§ REQUIREMENT
Check every line of the material below for "auto". Give the number of lines that have it, and only that.

*** THE DATA ***

(* Let $\kappa_{rg}\in[0,1)$ and $\epsilon\in(0,1)$, and let $k_\epsilon=\lceil\epsilon^{-2}\rceil$. Consider the (inexact) Newton method on $\mathbb{R}^2$: $z_{k+1}=z_k+\sigma_k$ with $\nabla^2h(z_k)\sigma_k=-\nabla h(z_k)+r_k$, where each component of $r_k$ is bounded in absolute value by $\kappa_{rg}$ times the absolute value of the corresponding component of $\nabla h(z_k)$ (in particular $r_k=0$ is allowed). Then there exists a twice continuously differentiable function $h^N_\epsilon:\mathbb{R}^2\to\mathbb{R}$ with globally Lipschitz continuous gradient and with values in a bounded interval independent of $\epsilon$, such that, when this method is applied to $h^N_\epsilon$ from $z_0=(0,0)$: the Hessians $\nabla^2h^N_\epsilon(z_k)$ are positive definite, the Hessian of $h^N_\epsilon$ is Lipschitz continuous on each segment $[z_k,z_{k+1}]$, $k=0,\dots,k_\epsilon-1$, with a Lipschitz constant independent of $\epsilon$ and $k$, $\|\nabla h^N_\epsilon(z_k)\|>\epsilon$ for $k<k_\epsilon$, and $\|\nabla h^N_\epsilon(z_{k_\epsilon})\|\le\epsilon\sqrt{1+\epsilon^2}$.
   Context: $\|\cdot\|$ denotes the Euclidean norm. *)

theory Defs
  imports "HOL-Analysis.Analysis"
begin

definition pos_def_mat :: "real^'n^'n \<Rightarrow> bool" where
  "pos_def_mat A \<longleftrightarrow> (\<forall>v. v \<noteq> 0 \<longrightarrow> 0 < v \<bullet> (A *v v))"

text \<open>The residual of the inexact Newton step is written componentwise as
  r_k,i = theta_k,i * grad h(z_k)_i with |theta_k,i| <= kappa; this is exactly the
  condition |r_k,i| <= kappa |grad h(z_k)_i|.\<close>
definition admissible_residuals :: "real \<Rightarrow> (nat \<Rightarrow> real^2) \<Rightarrow> bool" where
  "admissible_residuals \<kappa> \<theta> \<longleftrightarrow> (\<forall>k i. \<bar>\<theta> k $ i\<bar> \<le> \<kappa>)"

definition inexact_newton_run ::
  "(real^2 \<Rightarrow> real^2) \<Rightarrow> (real^2 \<Rightarrow> real^2^2) \<Rightarrow> (nat \<Rightarrow> real^2) \<Rightarrow> (nat \<Rightarrow> real^2) \<Rightarrow> nat \<Rightarrow> bool"
  where
  "inexact_newton_run g H \<theta> z n \<longleftrightarrow>
     z 0 = 0 \<and>
     (\<forall>k<n. H (z k) *v (z (Suc k) - z k) = - g (z k) + (\<chi> i. \<theta> k $ i * g (z k) $ i))"

end

theory Submission
  imports Defs
begin

text \<open>
  Newton's method applied to a separable function \<open>h(x, y) = p(x) - cos y\<close> from the origin stays
  on the \<open>x\<close>-axis, and its \<open>k\<close>-th step depends only on \<open>p'(k)\<close> and \<open>p''(k)\<close>. Building \<open>p\<close> by
  Hermite interpolation from integer translates of the \<open>C\<^sup>3\<close> bump \<open>(1 - t\<^sup>2)\<^sub>+\<^sup>4\<close>, we prescribe
  \<open>p'(k) = -1\<close> and \<open>p''(k) = 1 - \<theta>\<^sub>k\<close> for \<open>k < k\<^sub>\<epsilon>\<close> and \<open>p'(k\<^sub>\<epsilon>) = 0\<close>: every inexact Newton step
  then has length one, so the gradient has norm 1 at the first \<open>k\<^sub>\<epsilon>\<close> iterates and vanishes at
  \<open>z\<^sub>k\<^sub>\<epsilon>\<close>. At most two translates are nonzero at any point, so \<open>p\<close> and its derivatives are bounded
  independently of \<open>\<epsilon>\<close>, which yields the uniform range and Lipschitz constants.
\<close>

definition truncated_power :: "nat \<Rightarrow> real \<Rightarrow> real" where
  "truncated_power n u = max 0 u ^ n"

lemma has_real_derivative_truncated_power:
  assumes "2 \<le> n"
  shows "(truncated_power n has_real_derivative real n * truncated_power (n - 1) u) (at u)"
proof -
  consider "u < 0" | "u = 0" | "0 < u" by linarith
  then show ?thesis
  proof cases
    case 1
    have vanish: "truncated_power m x = 0" if "x < 0" "0 < m" for x m
      using that by (simp add: truncated_power_def)
    have "((\<lambda>_. 0) has_real_derivative real n * truncated_power (n - 1) u) (at u)"
      using vanish[OF 1] assms by simp
    then show ?thesis
      by (rule has_field_derivative_transform_within_open[where S = "{..<0}"])
         (use 1 assms vanish in auto)
  next
    case 2
    have quotient_bound: "\<bar>truncated_power n h / h\<bar> \<le> \<bar>h\<bar> ^ (n - 1)" for h
    proof (cases "h = 0")
      case False
      have "\<bar>truncated_power n h\<bar> \<le> \<bar>h\<bar> ^ n"
        by (auto simp: truncated_power_def power_abs intro: power_mono)
      also have "\<dots> = \<bar>h\<bar> * \<bar>h\<bar> ^ (n - 1)"
        using assms by (simp flip: power_Suc)
      finally show ?thesis
        using False by (simp add: field_simps)
    qed simp
    have "((\<lambda>h. \<bar>h\<bar> ^ (n - 1)) \<longlongrightarrow> 0) (at (0::real))"
      using assms by (auto intro!: tendsto_eq_intros)
    moreover have "\<forall>\<^sub>F h in at 0. norm (truncated_power n h / h) \<le> \<bar>h\<bar> ^ (n - 1)"
      using quotient_bound by (simp add: always_eventually)
    ultimately have "((\<lambda>h. truncated_power n h / h) \<longlongrightarrow> 0) (at 0)"
      by (rule Lim_null_comparison[rotated])
    then show ?thesis
      using 2 assms by (simp add: DERIV_def truncated_power_def power_0_left)
  next
    case 3
    have "((\<lambda>x. x ^ n) has_real_derivative real n * truncated_power (n - 1) u) (at u)"
      using 3 by (auto intro!: derivative_eq_intros simp: truncated_power_def)
    then show ?thesis
      by (rule has_field_derivative_transform_within_open[where S = "{0<..}"])
         (use 3 in \<open>auto simp: truncated_power_def\<close>)
  qed
qed

lemma has_real_derivative_truncated_power_comp [derivative_intros]:
  "2 \<le> n \<Longrightarrow> (f has_real_derivative f') (at t) \<Longrightarrow>
    ((\<lambda>t. truncated_power n (f t)) has_real_derivative real n * truncated_power (n - 1) (f t) * f') (at t)"
  using DERIV_chain2[OF has_real_derivative_truncated_power] by blast

definition bump :: "real \<Rightarrow> real" where
  "bump t = truncated_power 4 (1 - t\<^sup>2)"

definition bump' :: "real \<Rightarrow> real" where
  "bump' t = - 8 * t * truncated_power 3 (1 - t\<^sup>2)"

definition bump'' :: "real \<Rightarrow> real" where
  "bump'' t = - 8 * truncated_power 3 (1 - t\<^sup>2) + 48 * t\<^sup>2 * truncated_power 2 (1 - t\<^sup>2)"

definition bump''' :: "real \<Rightarrow> real" where
  "bump''' t = 144 * t * truncated_power 2 (1 - t\<^sup>2) - 192 * t ^ 3 * truncated_power 1 (1 - t\<^sup>2)"

lemma has_real_derivative_bump: "(bump has_real_derivative bump' t) (at t)"
  unfolding bump_def bump'_def
  by (rule derivative_eq_intros refl | simp)+

lemma has_real_derivative_bump': "(bump' has_real_derivative bump'' t) (at t)"
  unfolding bump'_def bump''_def
  by (rule derivative_eq_intros refl | simp)+ (simp add: algebra_simps power2_eq_square)

lemma has_real_derivative_bump'': "(bump'' has_real_derivative bump''' t) (at t)"
  unfolding bump''_def bump'''_def
  by (rule derivative_eq_intros refl | simp)+ (simp add: algebra_simps power2_eq_square power3_eq_cube)

lemma isCont_bump: "isCont bump' t" "isCont bump'' t" "isCont bump''' t"
proof -
  show "isCont bump' t" "isCont bump'' t"
    using has_real_derivative_bump' has_real_derivative_bump''
    by (blast intro: DERIV_isCont)+
  show "isCont bump''' t"
    unfolding bump'''_def truncated_power_def by (intro continuous_intros)
qed

lemma bump_vanishes:
  assumes "1 \<le> \<bar>t\<bar>"
  shows "bump t = 0" "bump' t = 0" "bump'' t = 0" "bump''' t = 0"
proof -
  have "1 \<le> t\<^sup>2"
    using assms abs_le_square_iff[of 1 t] by simp
  then show "bump t = 0" "bump' t = 0" "bump'' t = 0" "bump''' t = 0"
    by (simp_all add: bump_def bump'_def bump''_def bump'''_def truncated_power_def)
qed

definition slope_basis :: "real \<Rightarrow> real" where "slope_basis t = t * bump t"
definition slope_basis' :: "real \<Rightarrow> real" where "slope_basis' t = bump t + t * bump' t"
definition slope_basis'' :: "real \<Rightarrow> real" where "slope_basis'' t = 2 * bump' t + t * bump'' t"
definition slope_basis''' :: "real \<Rightarrow> real" where "slope_basis''' t = 3 * bump'' t + t * bump''' t"

definition curv_basis :: "real \<Rightarrow> real" where "curv_basis t = t\<^sup>2 * bump t / 2"
definition curv_basis' :: "real \<Rightarrow> real" where "curv_basis' t = t * bump t + t\<^sup>2 * bump' t / 2"
definition curv_basis'' :: "real \<Rightarrow> real" where
  "curv_basis'' t = bump t + 2 * t * bump' t + t\<^sup>2 * bump'' t / 2"
definition curv_basis''' :: "real \<Rightarrow> real" where
  "curv_basis''' t = 3 * bump' t + 3 * t * bump'' t + t\<^sup>2 * bump''' t / 2"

***

§ SOLUTION TO THIS TASK
5